We'd been debating for a few days about whether we wanted to go to one of the "island nights" that were advertised everywhere. They were supposed to be big events with food slow-baked in hot rocks, buried in a pit, and traditional dancing by the locals. While this might have been fun, I have to confess it sounded a bit too tourist-oriented for my tastes. On one of the days we were in town, we stopped by the local tourism office and asked about the "Progressive Dinner", for which we'd seen a couple of very small fliers. The lady at the desk was happy to set us up for the one that week, and that night we were picked up by one of the organizer's sons and dropped off at the first location. It turned out the first home we were to dine at was just a block or so away from our hostel!


There we were met by our first host, Dan, who explained that his wife was busy with her new shop, and that he was in charge for the night! After a van carrying the rest of the guests arrived, we set out on a tour of Dan's garden, which stretched out behind his house towards the center of the island and covered a good 2-3 acres.
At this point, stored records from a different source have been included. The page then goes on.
text \<open>Let \<open>S\<close> be a maximum independent set and \<open>c = n - \<alpha>(G)\<close>. On vectors supported
  on \<open>S\<close> the Laplacian quadratic form only sees the diagonal, so it is at most the maximum
  degree on \<open>S\<close>, hence at most \<open>c\<close>, times the squared norm. Diagonalising \<open>L(G)\<close>
  orthogonally, if fewer than \<open>|S|\<close> eigenvalues were \<open>\<le> c\<close>, some nonzero vector supported
  on \<open>S\<close> would be orthogonal to all eigenvectors with eigenvalue \<open>\<le> c\<close>, and its quadratic
  form would exceed \<open>c\<close> times its squared norm. Since \<open>L(G)\<close> is positive semidefinite,
  these eigenvalues lie in \<open>[0, c]\<close>.\<close>

section \<open>Roots counted with multiplicity\<close>

definition root_count :: "'a::idom poly \<Rightarrow> 'a set \<Rightarrow> nat" where
  "root_count p I = (\<Sum>x\<in>{x. poly p x = 0 \<and> x \<in> I}. order x p)"

lemma root_count_cong:
  assumes "\<And>x. poly p x = 0 \<Longrightarrow> x \<in> I \<longleftrightarrow> x \<in> J"
  shows "root_count p I = root_count p J"
  unfolding root_count_def using assms by (metis (mono_tags, lifting))

lemma order_prod_linear_factors:
  fixes d :: "nat \<Rightarrow> 'a::idom"
  shows "order x (\<Prod>i<n. [:- d i, 1:]) = card {i. i < n \<and> d i = x}"
proof (induction n)
  case 0
  show ?case by (simp add: order_1_eq_0)
next
  case (Suc n)
  let ?p = "\<Prod>i<n. [:- d i, 1:]"
  have "?p * [:- d n, 1:] \<noteq> 0"
    by (simp only: mult_eq_0_iff) (simp add: prod_zero_iff)
  hence "order x (\<Prod>i<Suc n. [:- d i, 1:]) = order x ?p + order x [:- d n, 1:]"
    unfolding prod.lessThan_Suc by (rule order_mult)
  moreover have "{i. i < Suc n \<and> d i = x} = {i. i < n \<and> d i = x} \<union> (if d n = x then {n} else {})"
    by (auto simp: less_Suc_eq)
  ultimately show ?case
    using Suc by (simp add: order_linear')
qed
(* Let $a,b\in\mathbb{R}$, $a<b$, and let $f(t,x,u,z,s)$, $g(t,x,u,z,s)$ be real functions with continuous partial derivatives with respect to $x,u,z,s$. Let $(\tilde{x},\tilde{u})$ be a normal extremizer of $$L[x,u]=\int_a^b f\big(t,x(t),u(t),x(a),x(b)\big)\,dt$$ subject to $x'(t)=g\big(t,x(t),u(t),x(a),x(b)\big)$, where the endpoint condition $x(a)=x_a$ may or may not be imposed and the condition $x(b)=x_b$ may or may not be imposed. Let $H(t,x,u,p,z,s)=f(t,x,u,z,s)+p\,g(t,x,u,z,s)$. Then there exists a function $\tilde{p}$ such that, with all partial derivatives of $H$ evaluated at $\big(t,\tilde{x}(t),\tilde{u}(t),\tilde{p}(t),\tilde{x}(a),\tilde{x}(b)\big)$, for all $t\in[a,b]$: $$\tilde{x}'(t)=H_p,\qquad \tilde{p}'(t)=-H_x,\qquad H_u=0;$$ moreover, $\tilde{p}(a)=-\int_a^b H_z\,dt$ if $x(a)$ is free, and $\tilde{p}(b)=\int_a^b H_s\,dt$ if $x(b)$ is free.
   Context: An extremizer is a local minimizer or maximizer. It is normal if the Lagrange multiplier rule holds with multiplier $1$ on $f$, i.e. $(\tilde{x},\tilde{u})$ is an extremizer of $\int_a^b\{f+\lambda(g-x')\}dt$ for some multiplier function $\lambda$ (as opposed to the abnormal case where $f$ gets coefficient $0$). $H_x,H_u,H_p,H_z,H_s$ denote partial derivatives of $H$ with respect to its 2nd–6th arguments. *)

theory Defs
  imports "HOL-Analysis.Analysis"
begin

type_synonym fn5 = "real \<Rightarrow> real \<Rightarrow> real \<Rightarrow> real \<Rightarrow> real \<Rightarrow> real"

definition pd_x :: "fn5 \<Rightarrow> fn5" where
  "pd_x f t x u z s = deriv (\<lambda>y. f t y u z s) x"
definition pd_u :: "fn5 \<Rightarrow> fn5" where
  "pd_u f t x u z s = deriv (\<lambda>y. f t x y z s) u"
definition pd_z :: "fn5 \<Rightarrow> fn5" where
  "pd_z f t x u z s = deriv (\<lambda>y. f t x u y s) z"
definition pd_s :: "fn5 \<Rightarrow> fn5" where
  "pd_s f t x u z s = deriv (\<lambda>y. f t x u z y) s"

definition smooth_data :: "real \<Rightarrow> real \<Rightarrow> fn5 \<Rightarrow> bool" where
  "smooth_data a b f \<longleftrightarrow>
     (\<forall>t\<in>{a..b}. \<forall>x u z s.
        (\<lambda>y. f t y u z s) differentiable (at x) \<and>
        (\<lambda>y. f t x y z s) differentiable (at u) \<and>
        (\<lambda>y. f t x u y s) differentiable (at z) \<and>
        (\<lambda>y. f t x u z y) differentiable (at s)) \<and>
     continuous_on ({a..b} \<times> UNIV) (\<lambda>(t,x,u,z,s). f t x u z s) \<and>
     continuous_on ({a..b} \<times> UNIV) (\<lambda>(t,x,u,z,s). pd_x f t x u z s) \<and>
     continuous_on ({a..b} \<times> UNIV) (\<lambda>(t,x,u,z,s). pd_u f t x u z s) \<and>
     continuous_on ({a..b} \<times> UNIV) (\<lambda>(t,x,u,z,s). pd_z f t x u z s) \<and>
     continuous_on ({a..b} \<times> UNIV) (\<lambda>(t,x,u,z,s). pd_s f t x u z s)"

definition dx :: "real \<Rightarrow> real \<Rightarrow> (real \<Rightarrow> real) \<Rightarrow> real \<Rightarrow> real" where
  "dx a b x t = vector_derivative x (at t within {a..b})"

definition C1_on :: "real \<Rightarrow> real \<Rightarrow> (real \<Rightarrow> real) \<Rightarrow> bool" where
  "C1_on a b x \<longleftrightarrow> (\<exists>x'. (\<forall>t\<in>{a..b}. (x has_real_derivative x' t) (at t within {a..b}))
                         \<and> continuous_on {a..b} x')"

definition admissible ::
  "real \<Rightarrow> real \<Rightarrow> bool \<Rightarrow> real \<Rightarrow> bool \<Rightarrow> real \<Rightarrow> (real \<Rightarrow> real) \<Rightarrow> (real \<Rightarrow> real) \<Rightarrow> bool" where
  "admissible a b fixA xa fixB xb x u \<longleftrightarrow>
     C1_on a b x \<and> continuous_on {a..b} u \<and>
     (fixA \<longrightarrow> x a = xa) \<and> (fixB \<longrightarrow> x b = xb)"

definition feasible ::
  "real \<Rightarrow> real \<Rightarrow> fn5 \<Rightarrow> bool \<Rightarrow> real \<Rightarrow> bool \<Rightarrow> real \<Rightarrow> (real \<Rightarrow> real) \<Rightarrow> (real \<Rightarrow> real) \<Rightarrow> bool" where
  "feasible a b g fixA xa fixB xb x u \<longleftrightarrow>
     admissible a b fixA xa fixB xb x u \<and>
     (\<forall>t\<in>{a..b}. dx a b x t = g t (x t) (u t) (x a) (x b))"

definition near :: "real \<Rightarrow> real \<Rightarrow> real \<Rightarrow> (real \<Rightarrow> real) \<Rightarrow> (real \<Rightarrow> real)
                     \<Rightarrow> (real \<Rightarrow> real) \<Rightarrow> (real \<Rightarrow> real) \<Rightarrow> bool" where
  "near a b e x u x0 u0 \<longleftrightarrow>
     (\<forall>t\<in>{a..b}. \<bar>x t - x0 t\<bar> < e \<and> \<bar>dx a b x t - dx a b x0 t\<bar> < e \<and> \<bar>u t - u0 t\<bar> < e)"

definition local_min where
  "local_min a b P J x0 u0 \<longleftrightarrow> P x0 u0 \<and>
     (\<exists>e>0. \<forall>x u. P x u \<and> near a b e x u x0 u0 \<longrightarrow> J x0 u0 \<le> J x u)"
definition local_max where
  "local_max a b P J x0 u0 \<longleftrightarrow> P x0 u0 \<and>
     (\<exists>e>0. \<forall>x u. P x u \<and> near a b e x u x0 u0 \<longrightarrow> J x u \<le> J x0 u0)"
definition extremizer where
  "extremizer a b P J x0 u0 \<longleftrightarrow> local_min a b P J x0 u0 \<or> local_max a b P J x0 u0"

definition Lfun :: "real \<Rightarrow> real \<Rightarrow> fn5 \<Rightarrow> (real \<Rightarrow> real) \<Rightarrow> (real \<Rightarrow> real) \<Rightarrow> real" where
  "Lfun a b f x u = integral {a..b} (\<lambda>t. f t (x t) (u t) (x a) (x b))"

definition Laug :: "real \<Rightarrow> real \<Rightarrow> fn5 \<Rightarrow> fn5 \<Rightarrow> (real \<Rightarrow> real)
                     \<Rightarrow> (real \<Rightarrow> real) \<Rightarrow> (real \<Rightarrow> real) \<Rightarrow> real" where
  "Laug a b f g lam x u = integral {a..b}
     (\<lambda>t. f t (x t) (u t) (x a) (x b) + lam t * (g t (x t) (u t) (x a) (x b) - dx a b x t))"

definition normal_extremizer where
  "normal_extremizer a b f g fixA xa fixB xb x0 u0 \<longleftrightarrow>
     extremizer a b (feasible a b g fixA xa fixB xb) (Lfun a b f) x0 u0 \<and>
     (\<exists>lam. continuous_on {a..b} lam \<and>
        extremizer a b (admissible a b fixA xa fixB xb) (Laug a b f g lam) x0 u0)"

definition Ham :: "fn5 \<Rightarrow> fn5 \<Rightarrow> real \<Rightarrow> real \<Rightarrow> real \<Rightarrow> real \<Rightarrow> real \<Rightarrow> real \<Rightarrow> real" where
  "Ham f g t x u p z s = f t x u z s + p * g t x u z s"

definition H_x where "H_x f g t x u p z s = deriv (\<lambda>y. Ham f g t y u p z s) x"
definition H_u where "H_u f g t x u p z s = deriv (\<lambda>y. Ham f g t x y p z s) u"
definition H_p where "H_p f g t x u p z s = deriv (\<lambda>y. Ham f g t x u y z s) p"
definition H_z where "H_z f g t x u p z s = deriv (\<lambda>y. Ham f g t x u p y s) z"
definition H_s where "H_s f g t x u p z s = deriv (\<lambda>y. Ham f g t x u p z y) s"

end

theory Submission
  imports Defs
begin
There were quite a few familiar and unfamiliar fruits and vegetables, from 2-3 varieties of mangos - sadly not in season - to papayas, starfruits, cacao, vanilla beans, 2 varieties of taro, pistachios (our second host, Timu, informed us that the islanders ate the fruit and not the nut!), Several kinds of bananas, pineapples, coffee and numerous citrus trees whose varieties were not named. There was also a fair-sized vegetable patch, full of green leafy plants locally known as "rocket" like those we'd already seen for sale in the supermarket as well as several other vegetables.


After the garden tour in the fading daylight, we retired to an outdoor patio on the south side of Dan's father-in-law's house, which sat immediately behind Dan's house, where we were served steamed taro, a lemon-juice cooked fish soup with bits of scallions and tomatoes in the lemon-juice coconut milk base, and fresh starfruit. Champagne and homemade tropical fruit juice blend were available to drink. The 'fish soup' was both Christina and my personal favorite - we'd been used to a similar dish in Tucson, but made without the coconut milk. The steamed taro was very mild, and not especially flavorful, but tasted fine. I think that I liked it better than Christina. To my palette, it would have been better used as a base for a more involved dish with a few spices added. Whatever else, it was certainly filling - like eating starchy bricks! I suppose I'm not doing a very good job of selling taro; it really seems to be one of the polynesian cultural equivalent of potatoes, along with kumara. The starfruit we had already been enjoying since we'd picked up a bag at the local supermarket. Their taste was watery but refreshing - in a manner reminiscent of grapes.


After about an hour, we got in the van and moved on to our next hosts, Timu and his wife. On the drive over, which took perhaps 15 minutes, we found out that virtually all the other dinner guest were Kiwis, a set of 4 middle-aged couples who were long-term friends and took vacations together. Once they found out we were heading to NZ next, we were deluged with suggestions as to where to go and what to see. Everyone seemed rather concerned that it was going to feel terribly cold to us, although given the weather we've been having, I haven't quite figured out why. While we drove, Dan and a friend played island (and other) music on ukeleles.


At Timu's house, we had barbequed chicken drumsticks and fresh-caught fish, along with a bit of salad, cookied greens (spinach-like) in coconut cream, and slices of cool watermelon. While we ate, Timu told us a bit about his business, which was a black pearl farm. It's one of the few industries which the cook islands supports besides tourism. We were serenaded towards the end of the course by Dan and friends on ukeleles and some sort of upright instrument made out of a box with a single pole running upright through it and supporting a single string from a pivoting bar at the top of the pole. By pulling the end of the bar, they could stretch the string tighter and thereby produce notes of different pitch.


Finally, with the sun completely gone and twilight almost over, we got back in the van and travelled to our final hosts' house Tim and his wife, whose name I did not catch. Tim was a decendant of the famous William Marsters, who travelled with 3 of his 4 wives to the Palmerton North and founded a great clan. There we enjoyed orange upside-down cake (made from local oranges), fruit salad made from papayas, starfruit, guava, watermelon, passion fruit and oranges; and coconut macaroons, along with a bit of ice cream if one wanted. The evening ended quietly with tea or local coffee at your choice, and finally we all got back in the van to be dropped off wherever we were staying.

1 comment:

Carina said...

My question is...

How were you able to walk back into your hostel?!?

That sounds incredible. Island potluck at its finest.